In the digital world, ensuring accurate identity and subsequently verifying that identity, are critical steps toward preventing fraud and other digital missteps. While digital access has given us easy and rapid control of our digital identities and various accounts, it also opens attack vectors that bad actors can use to their advantage. Having a comprehensive system of security processes and solutions in place is the best way to ensure a solid security posture.
The process of biometric identification involves the matching of a live sample against a database of existing biometric templates to find a record of a particular individual. In doing so, the system confirms that person’s identity. An automated biometric identification system, or ABIS, can help with large-scale biometric search identification by performing one-to-many comparisons of an individual sample to samples in a database containing many biometric templates. Biometric identification is not the same as the one-to-one verification. Biometric identification confirms who a person is; while biometric verification confirms they really are indeed that person as identified.

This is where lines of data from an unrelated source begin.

lemma ennreal_sum_binomial_weight_shifted_le_CJ:
  assumes "0 < p" "p < 1" "1 \<le> s"
  shows "ennreal (\<Sum>k\<in>{1..<K} - J. (binomial_weight p (k + s) k)\<^sup>2) \<le> CJ J p"
proof -
  have "ennreal (\<Sum>k\<in>{1..<K} - J. (binomial_weight p (k + s) k)\<^sup>2) \<le> ennreal (hJ J s p)"
    using sum_binomial_weight_shifted_le_hJ[OF assms(1,2)] by (rule ennreal_leI)
  also have "\<dots> \<le> CJ J p"
    unfolding CJ_def using assms(3) by (intro SUP_upper) auto
  finally show ?thesis .
qed

lemma sum_shifted_binomial_weights_le:
  assumes "0 < p" "p < 1"
  shows "ennreal (\<Sum>s<N. (b s)\<^sup>2 * (\<Sum>k\<in>{1..<N - s} - J. (binomial_weight p (k + s) k)\<^sup>2))
    \<le> ennreal ((b 0)\<^sup>2) * (\<Sum>k. ennreal (if 1 \<le> k \<and> k \<notin> J then p powr (real k - 2) else 0))
      + CJ J p * (\<Sum>j. ennreal (if 1 \<le> j then (b j)\<^sup>2 else 0))"
proof (cases "N = 0")
  case False
  define T where "T s = (\<Sum>k\<in>{1..<N - s} - J. (binomial_weight p (k + s) k)\<^sup>2)" for s
  have T_nonneg: "0 \<le> T s" for s
    unfolding T_def by (auto intro: sum_nonneg)
  have "ennreal (\<Sum>s\<in>{1..<N}. (b s)\<^sup>2 * T s) = (\<Sum>s\<in>{1..<N}. ennreal ((b s)\<^sup>2) * ennreal (T s))"
    by (simp add: T_nonneg flip: ennreal_mult)
  also have "\<dots> \<le> (\<Sum>s\<in>{1..<N}. ennreal ((b s)\<^sup>2) * CJ J p)"
    unfolding T_def using ennreal_sum_binomial_weight_shifted_le_CJ[OF assms]
    by (intro sum_mono mult_left_mono) auto
  also have "\<dots> = ennreal (\<Sum>s\<in>{1..<N}. (b s)\<^sup>2) * CJ J p"
    by (simp add: sum_distrib_right flip: sum_ennreal)
  also have "\<dots> \<le> (\<Sum>j. ennreal (if 1 \<le> j then (b j)\<^sup>2 else 0)) * CJ J p"
    by (intro mult_right_mono ennreal_sum_le_suminf_If) auto
  finally have off_diagonal: "ennreal (\<Sum>s\<in>{1..<N}. (b s)\<^sup>2 * T s)
      \<le> CJ J p * (\<Sum>j. ennreal (if 1 \<le> j then (b j)\<^sup>2 else 0))"
    by (simp add: mult.commute)
  have "{..<N} = insert 0 {1..<N}"
    using False by auto
  then have "ennreal (\<Sum>s<N. (b s)\<^sup>2 * T s)
      = ennreal ((b 0)\<^sup>2) * ennreal (T 0) + ennreal (\<Sum>s\<in>{1..<N}. (b s)\<^sup>2 * T s)"
    by (simp add: ennreal_plus ennreal_mult T_nonneg sum_nonneg)
  also have "\<dots> \<le> ennreal ((b 0)\<^sup>2) * (\<Sum>k. ennreal (if 1 \<le> k \<and> k \<notin> J then p powr (real k - 2) else 0))
      + CJ J p * (\<Sum>j. ennreal (if 1 \<le> j then (b j)\<^sup>2 else 0))"
    using ennreal_sum_binomial_weight_diagonal_le[OF assms(1)] off_diagonal
    by (intro add_mono mult_left_mono) (auto simp: T_def)
  finally show ?thesis
    unfolding T_def .
qed simp

lemma convolution_term_le:
  assumes "\<forall>j\<in>J. a j = 0"
  shows "ennreal (if 1 \<le> m then
            \<bar>1 / (real m * p) * (\<Sum>k=1..m. b (m - k) * real k * a k * sqrt (Bin m k p))\<bar> ^ 2
          else 0)
    \<le> (\<Sum>k. ennreal (if 1 \<le> k then (a k)\<^sup>2 else 0))
      * ennreal (\<Sum>k\<in>{1..m} - J. (b (m - k) * binomial_weight p m k)\<^sup>2)"
proof -
  have "ennreal (if 1 \<le> m then
            \<bar>1 / (real m * p) * (\<Sum>k=1..m. b (m - k) * real k * a k * sqrt (Bin m k p))\<bar> ^ 2
          else 0)
      \<le> ennreal ((\<Sum>k=1..m. (a k)\<^sup>2) * (\<Sum>k\<in>{1..m} - J. (b (m - k) * binomial_weight p m k)\<^sup>2))"
    using convolution_term_sq_le[OF assms] by (intro ennreal_leI) (auto intro: sum_nonneg)
  also have "\<dots> = ennreal (\<Sum>k=1..m. (a k)\<^sup>2)
      * ennreal (\<Sum>k\<in>{1..m} - J. (b (m - k) * binomial_weight p m k)\<^sup>2)"
    by (simp add: ennreal_mult sum_nonneg)
  also have "\<dots> \<le> (\<Sum>k. ennreal (if 1 \<le> k then (a k)\<^sup>2 else 0))
      * ennreal (\<Sum>k\<in>{1..m} - J. (b (m - k) * binomial_weight p m k)\<^sup>2)"
    by (intro mult_right_mono ennreal_sum_le_suminf_If) auto
  finally show ?thesis .
qed

lemma sum_convolution_weights_by_shift:
  "(\<Sum>m<N. \<Sum>k\<in>{1..m} - J. (b (m - k) * binomial_weight p m k)\<^sup>2)
    = (\<Sum>s<N. (b s)\<^sup>2 * (\<Sum>k\<in>{1..<N - s} - J. (binomial_weight p (k + s) k)\<^sup>2))"
proof -
  have "(\<Sum>m<N. \<Sum>k\<in>{1..m} - J. (b (m - k) * binomial_weight p m k)\<^sup>2)
      = (\<Sum>m<N. \<Sum>k\<in>{1..m} - J. (b (m - k) * binomial_weight p (k + (m - k)) k)\<^sup>2)"
    by (intro sum.cong) auto
  also have "\<dots> = (\<Sum>s<N. \<Sum>k\<in>{1..<N - s} - J. (b s * binomial_weight p (k + s) k)\<^sup>2)"
    by (rule sum_triangle_reindex[where F = "\<lambda>k s. (b s * binomial_weight p (k + s) k)\<^sup>2"])
  finally show ?thesis
    by (simp add: sum_distrib_left power_mult_distrib)
qed

theorem lemma1:
  fixes a b :: "nat \<Rightarrow> real" and p :: real and J :: "nat set"
  assumes "0 < p" and "p < 1"
    and "J \<subseteq> {k. 1 \<le> k}"
    and "\<forall>j\<in>J. a j = 0"
  shows "(\<Sum>m. ennreal (if 1 \<le> m then
            \<bar>1 / (real m * p) * (\<Sum>k=1..m. b (m - k) * real k * a k * sqrt (Bin m k p))\<bar> ^ 2
          else 0))
    \<le> (\<Sum>k. ennreal (if 1 \<le> k \<and> k \<notin> J then p powr (real k - 2) else 0))
        * ennreal ((b 0)\<^sup>2) * (\<Sum>k. ennreal (if 1 \<le> k then (a k)\<^sup>2 else 0))
      + CJ J p * (\<Sum>k. ennreal (if 1 \<le> k then (a k)\<^sup>2 else 0))
        * (\<Sum>j. ennreal (if 1 \<le> j then (b j)\<^sup>2 else 0))"
proof -
  define A where "A = (\<Sum>k. ennreal (if 1 \<le> k then (a k)\<^sup>2 else 0))"
  define B where "B = (\<Sum>j. ennreal (if 1 \<le> j then (b j)\<^sup>2 else 0))"
  define P where "P = (\<Sum>k. ennreal (if 1 \<le> k \<and> k \<notin> J then p powr (real k - 2) else 0))"
  define G where "G m = (\<Sum>k\<in>{1..m} - J. (b (m - k) * binomial_weight p m k)\<^sup>2)" for m
  have "(\<Sum>m<N. ennreal (if 1 \<le> m then
            \<bar>1 / (real m * p) * (\<Sum>k=1..m. b (m - k) * real k * a k * sqrt (Bin m k p))\<bar> ^ 2
          else 0)) \<le> A * (ennreal ((b 0)\<^sup>2) * P + CJ J p * B)" for N
  proof -
    have "(\<Sum>m<N. ennreal (if 1 \<le> m then
            \<bar>1 / (real m * p) * (\<Sum>k=1..m. b (m - k) * real k * a k * sqrt (Bin m k p))\<bar> ^ 2
          else 0)) \<le> (\<Sum>m<N. A * ennreal (G m))"
      unfolding A_def G_def using assms(4) by (intro sum_mono convolution_term_le)
    also have "\<dots> = A * ennreal (\<Sum>m<N. G m)"
      unfolding G_def by (simp add: sum_nonneg flip: sum_distrib_left)
    also have "\<dots> \<le> A * (ennreal ((b 0)\<^sup>2) * P + CJ J p * B)"
      unfolding G_def sum_convolution_weights_by_shift P_def B_def
      by (intro mult_left_mono sum_shifted_binomial_weights_le[OF assms(1,2)]) simp
    finally show ?thesis .
  qed
  then have "(\<Sum>m. ennreal (if 1 \<le> m then
            \<bar>1 / (real m * p) * (\<Sum>k=1..m. b (m - k) * real k * a k * sqrt (Bin m k p))\<bar> ^ 2
          else 0)) \<le> A * (ennreal ((b 0)\<^sup>2) * P + CJ J p * B)"
    by (intro suminf_le_const) auto
  then show ?thesis
    unfolding A_def B_def P_def by (simp add: algebra_simps)
qed

end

Aware provides a complete family of offerings for biometric identification and verification for law enforcement and civil identity needs. The AwareABIS™ Automated Biometric Identification System (ABIS) supports fingerprint, facial, and iris recognition for large-scale biometric identification. AwareABIS leverages BioSP™ (Biometric Services Platform), Aware’s market-leading workflow and integration server to achieve unsurpassed configurability and ease of integration. AwareABIS supports the NIST-tested Nexa™ face, fingerprint, and iris matching algorithms, as well as fingerprint algorithms from third-party providers. AwareABIS is also fast, scalable and reliable using Astra™.
Aware Astra is an advanced cluster computing platform used for large-scale biometric identification and deduplication using fingerprint, facial, and iris recognition. Highly scalable, Astra performs one-to-many search or one-to-one match against large stores of biometric and other identity data.